Patients over 18 waited 513 days for heart transplants in New York and only 93 days in northern New Jersey.WASHINGTON – If you live in New York City and need a liver transplant, you’ll have to wait almost 10 times as long as patients in similar need across the Hudson River in northern New Jersey.

That’s the startling finding of a new government report released yesterday documenting an alarming nationwide disparity in the availability of organs – livers, hearts, kidneys, pancreases and lungs – to patients waiting for transplants.

“Patients can be disadvantaged by the simple fact of where they live and at what transplant center they are listed,” said Health and Human Services Secretary Donna Shalala, who proposed sweeping changes in the bizarre system that appears to put geography over medical needs.

Federal rules now mandate that desperately needed organs be offered first to patients in the city or town where the organs are donated and then to patients in their region.

“An organ that could save a life may be literally stopped at the border and denied to a patient for non-medical reasons,” Shalala said.

The disparities between New York and New Jersey are among the most dramatic noted in the report.

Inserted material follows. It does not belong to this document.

(* Let $\Gamma\le N-1$. Consider the three problems: (P$_\Gamma$) $\displaystyle\min_{\bm w\in\widehat{\mathcal V},\,\bm y\in\mathbb R^{N-1}}\bm w^\top\bar{\bm g}$ s.t. $w_i-(\bm c_{[N-1]})_i\in[-y_i\underline v_i,\,y_i\bar v_i]$ ($i\in[N-1]$), $0\le y_i\le1$, $\bm e^\top\bm y=\Gamma$; (L$_\Gamma$) $\displaystyle\max\ I_2(\bm\eta,\bm\theta)+I_1(\underline{\bm\lambda},\bar{\bm\lambda},\Gamma)$ over $(\underline{\bm\lambda},\bar{\bm\lambda},\beta,\bm\eta,\bm\theta)$ satisfying $\bar{\bm g}-\underline{\bm\lambda}+\bar{\bm\lambda}+\beta\bm e-\bm\eta+\sum_{m=1}^M\theta_mh_m\bm\Delta^m=\bm 0$, $\underline{\bm\lambda},\bar{\bm\lambda},\bm\eta,\bm\theta\ge0$, where $I_2(\bm\eta,\bm\theta):=\bm c_{[N-1]}^\top\bar{\bm g}-\bm\eta^\top\bm c_{[N-1]}+\sum_{m=1}^M\theta_mh_m\bm c_{[N-1]}^\top\bm\Delta^m$ and $I_1(\underline{\bm\lambda},\bar{\bm\lambda},\Gamma):=\min\{\sum_{i=1}^{N-1}y_i(-(\underline\lambda_i\underline v_i+\bar\lambda_i\bar v_i)):0\le y_i\le1,\ \bm e^\top\bm y=\Gamma\}$; (D$_\Gamma$) $\displaystyle\max\ \bm c_{[N-1]}^\top\bar{\bm g}-\bm\eta^\top\bm c_{[N-1]}-\sum_{i=1}^{N-1}\tau_i-\tau_0\Gamma+\sum_{m=1}^M\theta_mh_m\bm c_{[N-1]}^\top\bm\Delta^m$ over $\underline{\bm\lambda},\bar{\bm\lambda},\bm\eta,\bm\tau\in\mathbb R^{N-1}$, $\beta,\tau_0\in\mathbb R$, $\bm\theta\in\mathbb R^M$ subject to $\bar{\bm g}-\underline{\bm\lambda}+\bar{\bm\lambda}+\beta\bm e-\bm\eta+\sum_{m=1}^M\theta_mh_m\bm\Delta^m=\bm 0$, $-\underline\lambda_i\underline v_i-\bar\lambda_i\bar v_i+\tau_i+\tau_0\ge0$ ($i\in[N-1]$), $\underline{\bm\lambda},\bar{\bm\lambda},\bm\eta,\bm\theta,\bm\tau\ge0$. Then (P$_\Gamma$) and (L$_\Gamma$) can both be reformulated as (D$_\Gamma$): their optimal values coincide with the optimal value of (D$_\Gamma$).
   Context: Let $N\ge3$ be an integer and $\underline x=x_1<x_2<\cdots<x_N=\bar x$ real numbers; $\bm e$ denotes the all-ones vector of the appropriate dimension. Define $\bm g:[\underline x,\bar x]\to\mathbb R^{N-1}$ by $\bm g(x_1)=\bm 0$ and, for $x\in(x_i,x_{i+1}]$ ($i\in\{1,\dots,N-1\}$), $\bm g(x)=(1,\dots,1,\frac{x-x_i}{x_{i+1}-x_i},0,\dots,0)$ with the first $i-1$ entries equal to $1$, the $i$-th entry $\frac{x-x_i}{x_{i+1}-x_i}$ and the last $N-1-i$ entries $0$. For $\bm v\in\mathbb R^{N-2}$ let $\bm R\bm v:=(v_1,\dots,v_{N-2},1-\bm e^\top\bm v)\in\mathbb R^{N-1}$. Let $\bm z\in\mathbb R^n$ and $\bm\xi^1,\dots,\bm\xi^K\in\mathbb R^n$ with $\bm z^\top\bm\xi^k\in[\underline x,\bar x]$ (the distribution of $\bm\xi$ puts mass $1/K$ on each $\bm\xi^k$), and $\bar{\bm g}:=\frac1K\sum_{k=1}^K\bm g(\bm z^\top\bm\xi^k)$. Let $M\ge1$ and, for $m=1,\dots,M$, let $r_1^m\le r_3^m$ and $r_2^m$ lie in $[\underline x,\bar x]$, $p^m\in[0,1]$, $h_m\in\{-1,1\}$, and $\bm\Delta^m:=(1-p^m)\bm g(r_1^m)+p^m\bm g(r_3^m)-\bm g(r_2^m)$. Let $\mathcal V:=\{\bm v\in\mathbb R^{N-2}:\bm v\ge0,\ \bm e^\top\bm v\le1,\ h_m(\bm R\bm v)^\top\bm\Delta^m\le0,\ m\in[M]\}$, assumed to have nonempty interior, let $\bm c\in\mathbb R^{N-2}$ be its analytic center (maximizer over the interior of the sum of the logarithms of the slacks of the defining inequalities) and $\bm c_{[N-1]}:=\bm R\bm c$ (so $\bm e^\top\bm c_{[N-1]}=1$). For $i\in[N-1]$ let $\underline v_i:=-\min\{(\bm R\bm v)_i-(\bm c_{[N-1]})_i:\bm v\in\mathcal V\}$ and $\bar v_i:=\max\{(\bm R\bm v)_i-(\bm c_{[N-1]})_i:\bm v\in\mathcal V\}$. Let $\widehat{\mathcal V}:=\{\bm w\in\mathbb R^{N-1}_+:\bm e^\top\bm w=1,\ h_m\bm w^\top\bm\Delta^m\le0,\ m\in[M]\}$. Optimal values are understood in the extended reals. *)

theory Defs
  imports "HOL-Analysis.Analysis"
begin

Among the shocking findings:

*Patients with blood type O – about 47 percent of all liver-transplant patients – waited an average of 511 days for liver transplants in New York City hospitals, compared to 56 days in northern New Jersey.

*Patients over 18 waited an average of 513 days for heart transplants in New York and only 93 days in northern New Jersey.

*It takes an average of 1,680 days for a patient over 18 to get a kidney transplant in New York City, compared to 863 days in northern New Jersey.

*Lung-transplant patients waited an average of 1,191 days in New York City but only 371 days in northern New Jersey.

The 2,400-page report analyzed factors such as race, age and blood type in transplant candidates. In every case, the report documents major discrepancies depending on region.

The shortest waiting time in the country for a liver transplant is 46 days in Iowa. However, across the border in Nebraska the average wait is 596 days, the report says.

Even among the high-priority or sickest patients, the waiting time for a liver transplant varied depending on where they lived. For example, high-priority patients in Oregon and Oklahoma waited just two days on average for a liver transplant. The sickest patients in Maryland waited 16 days, the report says.

The report says some transplant programs do a better job than others, attracting larger numbers of patients and donors and creating long waits in other areas.

Also, people in some communities tend to be more willing to donate organs than in others.